> _RECORDS PROVIDED_
-----
section \<open>Families of sets of size at most two\<close>

lemma sym_diff_card_le_2_cases:
  assumes "finite A" "finite B" "card (sym_diff A B) \<le> 2"
  shows "A = {} \<or> B = {} \<or> A \<inter> B \<noteq> {} \<or> (card A \<le> 1 \<and> card B \<le> 1)"
proof (rule ccontr)
  assume "\<not> ?thesis"
  then have "sym_diff A B = A \<union> B" "A \<inter> B = {}" "1 \<le> card A" "1 \<le> card B" "2 \<le> card A \<or> 2 \<le> card B"
    using assms(1,2) by (auto simp: Suc_le_eq card_gt_0_iff)
  then show False
    using assms card_Un_disjoint[OF assms(1,2)] by simp
qed

lemma card_le_2_doubleton:
  assumes "finite A" "card A \<le> 2" "A \<noteq> {}"
  obtains x y where "A = {x, y}"
proof -
  have "card A \<noteq> 0"
    using assms(1,3) by simp
  then have "card A = 1 \<or> card A = 2"
    using assms(2) by linarith
  then show ?thesis
  proof
    assume "card A = 1"
    then obtain x where "A = {x, x}"
      by (auto simp: card_1_singleton_iff)
    then show ?thesis by (rule that)
  next
    assume "card A = 2"
    then show ?thesis
      using that unfolding card_2_iff by blast
  qed
qed

lemma card_doubleton_le_1_iff: "card {x, y} \<le> 1 \<longleftrightarrow> x = y"
  by (cases "x = y") auto

text \<open>
  Without a common point, the nonempty members lie either in \<open>{{i}, {j}, {i, j}}\<close> or in a
  triangle \<open>{{i, j}, {j, k}, {i, k}}\<close>.
\<close>

lemma card_le_4_if_no_common_point:
  assumes F: "\<forall>A\<in>F. finite A \<and> card A \<le> 2"
    and meet: "\<forall>A\<in>F. \<forall>B\<in>F. A = {} \<or> B = {} \<or> A \<inter> B \<noteq> {} \<or> (card A \<le> 1 \<and> card B \<le> 1)"
    and A0: "A0 \<in> F" "card A0 = 2"
    and no_center: "\<forall>i. \<exists>B\<in>F. B \<noteq> {} \<and> i \<notin> B"
  shows "card F \<le> 4"
proof -
  obtain i j where ij: "A0 = {i, j}" "i \<noteq> j"
    using A0(2) unfolding card_2_iff by blast
  obtain Bi where Bi: "Bi \<in> F" "Bi \<noteq> {}" "i \<notin> Bi"
    using no_center by blast
  moreover have "finite Bi" "card Bi \<le> 2"
    using F Bi(1) by auto
  ultimately obtain p p' where p: "Bi = {p, p'}"
    using card_le_2_doubleton by blast
  obtain Bj where Bj: "Bj \<in> F" "Bj \<noteq> {}" "j \<notin> Bj"
    using no_center by blast
  moreover have "finite Bj" "card Bj \<le> 2"
    using F Bj(1) by auto
  ultimately obtain q q' where q: "Bj = {q, q'}"
    using card_le_2_doubleton by blast
  have "B \<in> {{}, A0, Bi, Bj}" if "B \<in> F" for B
  proof (cases "B = {}")
    case False
    moreover have "finite B" "card B \<le> 2"
      using F that by auto
    ultimately obtain x y where xy: "B = {x, y}"
      using card_le_2_doubleton by blast
    have "x = i \<or> x = j \<or> y = i \<or> y = j" "p = i \<or> p = j \<or> p' = i \<or> p' = j"
      "q = i \<or> q = j \<or> q' = i \<or> q' = j"
      using meet A0(1) Bi(1) Bj(1) that ij by (force simp: xy p q)+
    moreover have "p = q \<or> p = q' \<or> p' = q \<or> p' = q' \<or> (p = p' \<and> q = q')"
      "x = p \<or> x = p' \<or> y = p \<or> y = p' \<or> (x = y \<and> p = p')"
      "x = q \<or> x = q' \<or> y = q \<or> y = q' \<or> (x = y \<and> q = q')"
      using meet Bi(1) Bj(1) that by (force simp: xy p q card_doubleton_le_1_iff)+
    moreover have "i \<noteq> p" "i \<noteq> p'" "j \<noteq> q" "j \<noteq> q'"
      using Bi(3) Bj(3) unfolding p q by auto
    ultimately have "(x = i \<and> y = j \<or> x = j \<and> y = i) \<or> (x = p \<and> y = p' \<or> x = p' \<and> y = p) \<or>
        (x = q \<and> y = q' \<or> x = q' \<and> y = q)"
      using ij(2) by smt
    then show ?thesis
      unfolding xy ij(1) p q by auto
  qed simp
  then have "card F \<le> card {{}, A0, Bi, Bj}"
    by (intro card_mono) auto
  also have "\<dots> \<le> 4"
    by (simp add: card_insert_if)
  finally show ?thesis .
qed

lemma large_sym_diff_family_has_center:
  assumes F: "\<forall>A\<in>F. finite A \<and> card A \<le> 2"
    and close: "\<forall>A\<in>F. \<forall>B\<in>F. card (sym_diff A B) \<le> 2"
    and "5 \<le> card F"
  obtains C where "C \<subseteq> \<Union>F" "card C \<le> 1" "\<forall>A\<in>F. card (sym_diff A C) \<le> 1"
proof (cases "\<forall>A\<in>F. card A \<le> 1")
  case True
  then show ?thesis
    using that[of "{}"] by simp
next
  case False
  then obtain A0 where "A0 \<in> F" "\<not> card A0 \<le> 1"
    by blast
  moreover have "card A0 \<le> 2"
    using F \<open>A0 \<in> F\<close> by blast
  ultimately have A0: "A0 \<in> F" "card A0 = 2"
    by auto
  have meet: "\<forall>A\<in>F. \<forall>B\<in>F. A = {} \<or> B = {} \<or> A \<inter> B \<noteq> {} \<or> (card A \<le> 1 \<and> card B \<le> 1)"
  proof (intro ballI)
    fix A B assume "A \<in> F" "B \<in> F"
    then show "A = {} \<or> B = {} \<or> A \<inter> B \<noteq> {} \<or> (card A \<le> 1 \<and> card B \<le> 1)"
      using F close by (intro sym_diff_card_le_2_cases) auto
  qed
  have "\<not> (\<forall>i. \<exists>B\<in>F. B \<noteq> {} \<and> i \<notin> B)"
  proof
    assume "\<forall>i. \<exists>B\<in>F. B \<noteq> {} \<and> i \<notin> B"
    then have "card F \<le> 4"
      by (rule card_le_4_if_no_common_point[OF F meet A0])
    then show False
      using \<open>5 \<le> card F\<close> by simp
  qed
  then obtain i where i: "\<forall>B\<in>F. B \<noteq> {} \<longrightarrow> i \<in> B"
    by blast
  have "card (sym_diff A {i}) \<le> 1" if "A \<in> F" for A
  proof (cases "A = {}")
    case False
    then have "i \<in> A"
      using i that by blast
    moreover have "finite A" "card A \<le> 2"
      using F that by auto
    ultimately show ?thesis
      by (simp add: insert_absorb)
  qed simp
  moreover have "A0 \<noteq> {}"
    using A0(2) by auto
  then have "i \<in> \<Union>F"
    using i A0(1) by blast
  ultimately show ?thesis
    using that[of "{i}"] by simp
qed

lemma card_common_unit_neighbours_le_2:
  assumes "finite E" "E \<noteq> {}"
    and G: "\<forall>S\<in>G. finite S \<and> card S \<le> 1 \<and> card (sym_diff S E) \<le> 1"
  shows "card G \<le> 2"
proof (cases "G = {}")
  case False
  have "card E \<noteq> 0"
    using assms(1,2) by simp
  have sub: "S \<subseteq> E" if "S \<in> G" for S
  proof
    fix x assume "x \<in> S"
    then have "S = {x}"
      using G that card_le_Suc0_iff_eq by fastforce
    then show "x \<in> E"
      using G that assms(1) \<open>card E \<noteq> 0\<close> by (cases "x \<in> E") (auto simp: insert_Diff_if)
  qed
  have card_E: "card E \<le> card S + 1" if "S \<in> G" for S
  proof -
    have "card E = card S + card (E - S)"
      using sub[OF that] assms(1) by (metis card_Diff_subset card_mono le_add_diff_inverse finite_subset)
    also have "E - S = sym_diff S E"
      using sub[OF that] by blast
    finally show ?thesis
      using G that by fastforce
  qed
  obtain S0 where "S0 \<in> G"
    using False by blast
  then have "card E \<le> 2"
    using card_E G by fastforce
  show ?thesis
  proof (cases "card E = 1")
    case True
    have "card G \<le> card (Pow E)"
      using sub assms(1) by (intro card_mono) auto
    then show ?thesis
      using True assms(1) by (simp add: card_Pow)
  next
    case False
    have "S \<in> (\<lambda>x. {x}) ` E" if "S \<in> G" for S
    proof -
      have "card S \<le> 1"
        using G that by blast
      then have "card S = 1"
        using card_E[OF that] False \<open>card E \<noteq> 0\<close> by linarith
      then show ?thesis
        using sub[OF that] by (auto simp: card_1_singleton_iff)
    qed
    then have "card G \<le> card ((\<lambda>x. {x}) ` E)"
      using assms(1) by (intro card_mono) auto
    also have "\<dots> \<le> card E"
      using card_image_le[OF assms(1)] .
    finally show ?thesis
      using \<open>card E \<le> 2\<close> by simp
  qed
qed simp

section \<open>Hamming geometry of the cube\<close>

definition diff_coords :: "bool list \<Rightarrow> bool list \<Rightarrow> nat set" where
  "diff_coords v w = {i. i < length v \<and> v ! i \<noteq> w ! i}"

definition flip_coords :: "bool list \<Rightarrow> nat set \<Rightarrow> bool list" where
  "flip_coords v C = map (\<lambda>i. if i \<in> C then \<not> v ! i else v ! i) [0..<length v]"

definition unit_ball :: "nat \<Rightarrow> bool list \<Rightarrow> bool list set" where
  "unit_ball n c = {w \<in> cube n. hamming c w \<le> 1}"

lemma hamming_eq_card_diff_coords: "hamming v w = real (card (diff_coords v w))"
  unfolding hamming_def diff_coords_def by simp

lemma finite_diff_coords [simp]: "finite (diff_coords v w)"
  unfolding diff_coords_def by simp

lemma diff_coords_subset: "diff_coords v w \<subseteq> {..<length v}"
  unfolding diff_coords_def by auto

lemma diff_coords_commute: "length v = length w \<Longrightarrow> diff_coords v w = diff_coords w v"
  unfolding diff_coords_def by auto

lemma diff_coords_eq_empty_iff:
  assumes "length v = length w"
  shows "diff_coords v w = {} \<longleftrightarrow> v = w"
proof
  assume "diff_coords v w = {}"
  then show "v = w"
    using assms unfolding diff_coords_def by (auto intro: nth_equalityI)
qed (simp add: diff_coords_def)

lemma diff_coords_eq_sym_diff:
  assumes "length a = length v" "length a = length w"
  shows "diff_coords v w = sym_diff (diff_coords a v) (diff_coords a w)"
  using assms unfolding diff_coords_def by auto

lemma diff_coords_inj_on:
  assumes "\<forall>v\<in>X. length v = length a"
  shows "inj_on (diff_coords a) X"
proof (rule inj_onI)
  fix v w assume vw: "v \<in> X" "w \<in> X" "diff_coords a v = diff_coords a w"
  then have length: "length a = length v" "length a = length w"
    using assms by auto
  then have "diff_coords v w = sym_diff (diff_coords a v) (diff_coords a w)"
    by (rule diff_coords_eq_sym_diff)
  also have "\<dots> = {}"
    using vw(3) by simp
  finally show "v = w"
    using length diff_coords_eq_empty_iff by simp
qed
-----
> _WHAT YOU WILL DO_
Of the lines above, show those in which "rule" appears.

> _ANSWER FOR THE TASK_
proof (rule ccontr)
    then show ?thesis by (rule that)
      by (rule card_le_4_if_no_common_point[OF F meet A0])
proof (rule inj_onI)
    by (rule diff_coords_eq_sym_diff)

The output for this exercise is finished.